Records for this task:
────
(* Let $V\subseteq\mathcal V$ be finite, $\mathbb E,\mathbb F\in\mathit{NProg}(V)$, and $V'\subseteq\mathcal V$ with $|V'|=|V|$ and $V\cap V'=\emptyset$. Then (1) $\mathbb E\le_T^s\mathbb F$ iff $\mathbb F\models_{tot}(\mathbb E^\dagger(\{\Omega_{V,V'}\}),\{\Omega_{V,V'}\})$; (2) $\mathbb E\le_P^s\mathbb F$ iff $\mathbb F\models_{par}(I-\mathbb E^\dagger(\{\Omega_{V,V'}\}),\{I-\Omega_{V,V'}\})$.
   Context: $\mathcal V$ is a countably infinite set of qubit variables; $\mathcal H_V=\bigotimes_{q\in V}\mathcal H_q$. $\mathcal D(\mathcal H)$: partial density operators; $\mathcal P(\mathcal H)$: effects. $\mathit{DProg}(V)$: completely positive trace-nonincreasing super-operators on $\mathcal L(\mathcal H_V)$; $\mathit{NProg}(V)$: nonempty convex closed subsets of $\mathit{DProg}(V)$. Operators/super-operators on subsystems are implicitly extended by tensoring with identities. $\mathcal E^\dagger$ is the adjoint (${\rm tr}(\mathcal E(A)B)={\rm tr}(A\mathcal E^\dagger(B))$); for a set of effects $\Psi$, $\mathbb E^\dagger(\Psi)=\{\mathcal E^\dagger(N):\mathcal E\in\mathbb E,N\in\Psi\}$ (this is $wp^s.\mathbb E.\Psi$), and $I-\Theta=\{I-M:M\in\Theta\}$ (so $I-\mathbb E^\dagger(I-\Psi)=wlp^s.\mathbb E.\Psi$). With $d=2^{|V|}$, $\Omega_{V,V'}=|\omega\rangle\langle\omega|$, $|\omega\rangle=\frac1{\sqrt d}\sum_i|i\rangle_V|i\rangle_{V'}$, and $I$ is the identity on $\mathcal H_V\otimes\mathcal H_{V'}$. $\mathrm{Exp}_{dem}(\rho\models\Theta)=\inf_{M\in\Theta}{\rm tr}(M\rho)$ (${\rm tr}(\rho)$ if $\Theta=\emptyset$). $\mathbb E\models_{tot}(\Theta,\Psi)$ iff for all finite $X\supseteq V\cup W$ and $\rho\in\mathcal D(\mathcal H_X)$, $\mathrm{Exp}_{dem}(\rho\models\Theta)\le\inf_{\mathcal E\in\mathbb E}\mathrm{Exp}_{dem}(\mathcal E(\rho)\models\Psi)$; $\mathbb E\models_{par}(\Theta,\Psi)$ iff for all such $X,\rho$, $\mathrm{Exp}_{dem}(\rho\models\Theta)\le\inf_{\mathcal E\in\mathbb E}[\mathrm{Exp}_{dem}(\mathcal E(\rho)\models\Psi)+{\rm tr}(\rho)-{\rm tr}(\mathcal E(\rho))]$. $\mathbb E\le_T^s\mathbb F$ (resp. $\le_P^s$) iff for every finite $W$ and all $\Theta,\Psi\subseteq\mathcal P(\mathcal H_W)$, $\mathbb E\models_{tot}(\Theta,\Psi)\Rightarrow\mathbb F\models_{tot}(\Theta,\Psi)$ (resp. with $\models_{par}$). *)

theory Defs
  imports Complex_Main
begin

text \<open>A computational-basis state of the register X is a Boolean assignment
that is False outside X.  Operators on H_X are complex matrices indexed by
such basis states; entries outside the basis of X are required to be 0.\<close>

type_synonym qvar = nat
type_synonym bst = "qvar \<Rightarrow> bool"
type_synonym qop = "bst \<Rightarrow> bst \<Rightarrow> complex"
type_synonym sop = "qop \<Rightarrow> qop"

definition basis :: "qvar set \<Rightarrow> bst set" where
  "basis X = {s. \<forall>q. q \<notin> X \<longrightarrow> \<not> s q}"

definition restr :: "qvar set \<Rightarrow> bst \<Rightarrow> bst" where
  "restr V s = (\<lambda>q. if q \<in> V then s q else False)"

definition merge :: "qvar set \<Rightarrow> bst \<Rightarrow> bst \<Rightarrow> bst" where
  "merge V s t = (\<lambda>q. if q \<in> V then s q else t q)"

definition op_on :: "qvar set \<Rightarrow> qop \<Rightarrow> bool" where
  "op_on X A \<longleftrightarrow> (\<forall>s t. s \<notin> basis X \<or> t \<notin> basis X \<longrightarrow> A s t = 0)"

definition zero_op :: qop where
  "zero_op = (\<lambda>s t. 0)"

definition ident :: "qvar set \<Rightarrow> qop" where
  "ident X = (\<lambda>s t. if s \<in> basis X \<and> s = t then 1 else 0)"

definition ebasis :: "qvar set \<Rightarrow> bst \<Rightarrow> bst \<Rightarrow> qop" where
  "ebasis X u v = (\<lambda>s t. if u \<in> basis X \<and> v \<in> basis X \<and> s = u \<and> t = v then 1 else 0)"

definition mult :: "qvar set \<Rightarrow> qop \<Rightarrow> qop \<Rightarrow> qop" where
  "mult X A B = (\<lambda>s t. \<Sum>u\<in>basis X. A s u * B u t)"

definition trace :: "qvar set \<Rightarrow> qop \<Rightarrow> complex" where
  "trace X A = (\<Sum>s\<in>basis X. A s s)"

definition minus_op :: "qop \<Rightarrow> qop \<Rightarrow> qop" where
  "minus_op A B = (\<lambda>s t. A s t - B s t)"

definition qform :: "qvar set \<Rightarrow> qop \<Rightarrow> (bst \<Rightarrow> complex) \<Rightarrow> complex" where
  "qform X A \<psi> = (\<Sum>s\<in>basis X. \<Sum>t\<in>basis X. cnj (\<psi> s) * A s t * \<psi> t)"

definition psd :: "qvar set \<Rightarrow> qop \<Rightarrow> bool" where
  "psd X A \<longleftrightarrow> op_on X A \<and> (\<forall>\<psi>. Im (qform X A \<psi>) = 0 \<and> 0 \<le> Re (qform X A \<psi>))"

definition pdo :: "qvar set \<Rightarrow> qop \<Rightarrow> bool" where
  "pdo X \<rho> \<longleftrightarrow> psd X \<rho> \<and> Re (trace X \<rho>) \<le> 1"

definition effect :: "qvar set \<Rightarrow> qop \<Rightarrow> bool" where
  "effect X M \<longleftrightarrow> psd X M \<and> psd X (minus_op (ident X) M)"

text \<open>Implicit extension of an operator on H_V to H_X (V \<subseteq> X): A \<otimes> I.\<close>
definition ext :: "qvar set \<Rightarrow> qvar set \<Rightarrow> qop \<Rightarrow> qop" where
  "ext V X A = (\<lambda>s t. if s \<in> basis X \<and> t \<in> basis X \<and> (\<forall>q\<in>X - V. s q = t q)
                        then A (restr V s) (restr V t) else 0)"

text \<open>Implicit extension of a super-operator on L(H_V) to L(H_X) (V \<subseteq> X):
  E \<otimes> id, defined blockwise: ((E\<otimes>id) \<rho>)(s,t) = E(\<rho>_{ab})(s|V,t|V) where
  a,b are the parts of s,t outside V.\<close>
definition superext :: "qvar set \<Rightarrow> qvar set \<Rightarrow> sop \<Rightarrow> sop" where
  "superext V X E \<rho> = (\<lambda>s t. if s \<in> basis X \<and> t \<in> basis X then
      E (\<lambda>s' t'. if s' \<in> basis V \<and> t' \<in> basis V then \<rho> (merge V s' s) (merge V t' t) else 0)
        (restr V s) (restr V t)
    else 0)"

text \<open>Adjoint of a super-operator G on L(H_X): tr(G(A) B) = tr(A G^dagger(B)).\<close>
definition sadj :: "qvar set \<Rightarrow> sop \<Rightarrow> sop" where
  "sadj X G B = (\<lambda>v u. if v \<in> basis X \<and> u \<in> basis X
                        then trace X (mult X (G (ebasis X u v)) B) else 0)"

text \<open>A super-operator is represented by a function that is linear on L(H_V),
  maps L(H_V) to L(H_V), and is normalised to 0 outside L(H_V).\<close>
definition DProg :: "qvar set \<Rightarrow> sop set" where
  "DProg V = {E.
     (\<forall>A. \<not> op_on V A \<longrightarrow> E A = zero_op) \<and>
     (\<forall>A. op_on V A \<longrightarrow> op_on V (E A)) \<and>
     (\<forall>A B. op_on V A \<and> op_on V B \<longrightarrow> E (\<lambda>s t. A s t + B s t) = (\<lambda>s t. E A s t + E B s t)) \<and>
     (\<forall>A c. op_on V A \<longrightarrow> E (\<lambda>s t. c * A s t) = (\<lambda>s t. c * E A s t)) \<and>
     (\<forall>X \<rho>. finite X \<and> V \<subseteq> X \<and> psd X \<rho> \<longrightarrow> psd X (superext V X E \<rho>)) \<and>
     (\<forall>\<rho>. psd V \<rho> \<longrightarrow> Re (trace V (E \<rho>)) \<le> Re (trace V \<rho>))}"

definition sop_convex :: "sop set \<Rightarrow> bool" where
  "sop_convex S \<longleftrightarrow> (\<forall>E\<in>S. \<forall>F\<in>S. \<forall>p::real. 0 \<le> p \<and> p \<le> 1 \<longrightarrow>
      (\<lambda>A s t. complex_of_real p * E A s t + complex_of_real (1 - p) * F A s t) \<in> S)"

text \<open>Closedness (finite-dimensional, so w.r.t. entrywise convergence).\<close>
definition sop_closed :: "sop set \<Rightarrow> bool" where
  "sop_closed S \<longleftrightarrow> (\<forall>f E. (\<forall>n. f n \<in> S) \<and> (\<forall>A s t. (\<lambda>n. f n A s t) \<longlonglongrightarrow> E A s t)
      \<longrightarrow> E \<in> S)"

definition NProg :: "qvar set \<Rightarrow> sop set set" where
  "NProg V = {S. S \<noteq> {} \<and> S \<subseteq> DProg V \<and> sop_convex S \<and> sop_closed S}"

definition exp_dem :: "qvar set \<Rightarrow> qvar set \<Rightarrow> qop set \<Rightarrow> qop \<Rightarrow> real" where
  "exp_dem W X \<Theta> \<rho> = (if \<Theta> = {} then Re (trace X \<rho>)
      else (INF M\<in>\<Theta>. Re (trace X (mult X (ext W X M) \<rho>))))"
────
Work instructions: Retype only this portion of the data above: the line containing "(\<lambda>s t. \<Sum>u\<in>basis", the line containing "basis X then", and all lines between them, exactly.

Problem solution:
  "mult X A B = (\<lambda>s t. \<Sum>u\<in>basis X. A s u * B u t)"

definition trace :: "qvar set \<Rightarrow> qop \<Rightarrow> complex" where
  "trace X A = (\<Sum>s\<in>basis X. A s s)"

definition minus_op :: "qop \<Rightarrow> qop \<Rightarrow> qop" where
  "minus_op A B = (\<lambda>s t. A s t - B s t)"

definition qform :: "qvar set \<Rightarrow> qop \<Rightarrow> (bst \<Rightarrow> complex) \<Rightarrow> complex" where
  "qform X A \<psi> = (\<Sum>s\<in>basis X. \<Sum>t\<in>basis X. cnj (\<psi> s) * A s t * \<psi> t)"

definition psd :: "qvar set \<Rightarrow> qop \<Rightarrow> bool" where
  "psd X A \<longleftrightarrow> op_on X A \<and> (\<forall>\<psi>. Im (qform X A \<psi>) = 0 \<and> 0 \<le> Re (qform X A \<psi>))"

definition pdo :: "qvar set \<Rightarrow> qop \<Rightarrow> bool" where
  "pdo X \<rho> \<longleftrightarrow> psd X \<rho> \<and> Re (trace X \<rho>) \<le> 1"

definition effect :: "qvar set \<Rightarrow> qop \<Rightarrow> bool" where
  "effect X M \<longleftrightarrow> psd X M \<and> psd X (minus_op (ident X) M)"

text \<open>Implicit extension of an operator on H_V to H_X (V \<subseteq> X): A \<otimes> I.\<close>
definition ext :: "qvar set \<Rightarrow> qvar set \<Rightarrow> qop \<Rightarrow> qop" where
  "ext V X A = (\<lambda>s t. if s \<in> basis X \<and> t \<in> basis X \<and> (\<forall>q\<in>X - V. s q = t q)
                        then A (restr V s) (restr V t) else 0)"

text \<open>Implicit extension of a super-operator on L(H_V) to L(H_X) (V \<subseteq> X):
  E \<otimes> id, defined blockwise: ((E\<otimes>id) \<rho>)(s,t) = E(\<rho>_{ab})(s|V,t|V) where
  a,b are the parts of s,t outside V.\<close>
definition superext :: "qvar set \<Rightarrow> qvar set \<Rightarrow> sop \<Rightarrow> sop" where
  "superext V X E \<rho> = (\<lambda>s t. if s \<in> basis X \<and> t \<in> basis X then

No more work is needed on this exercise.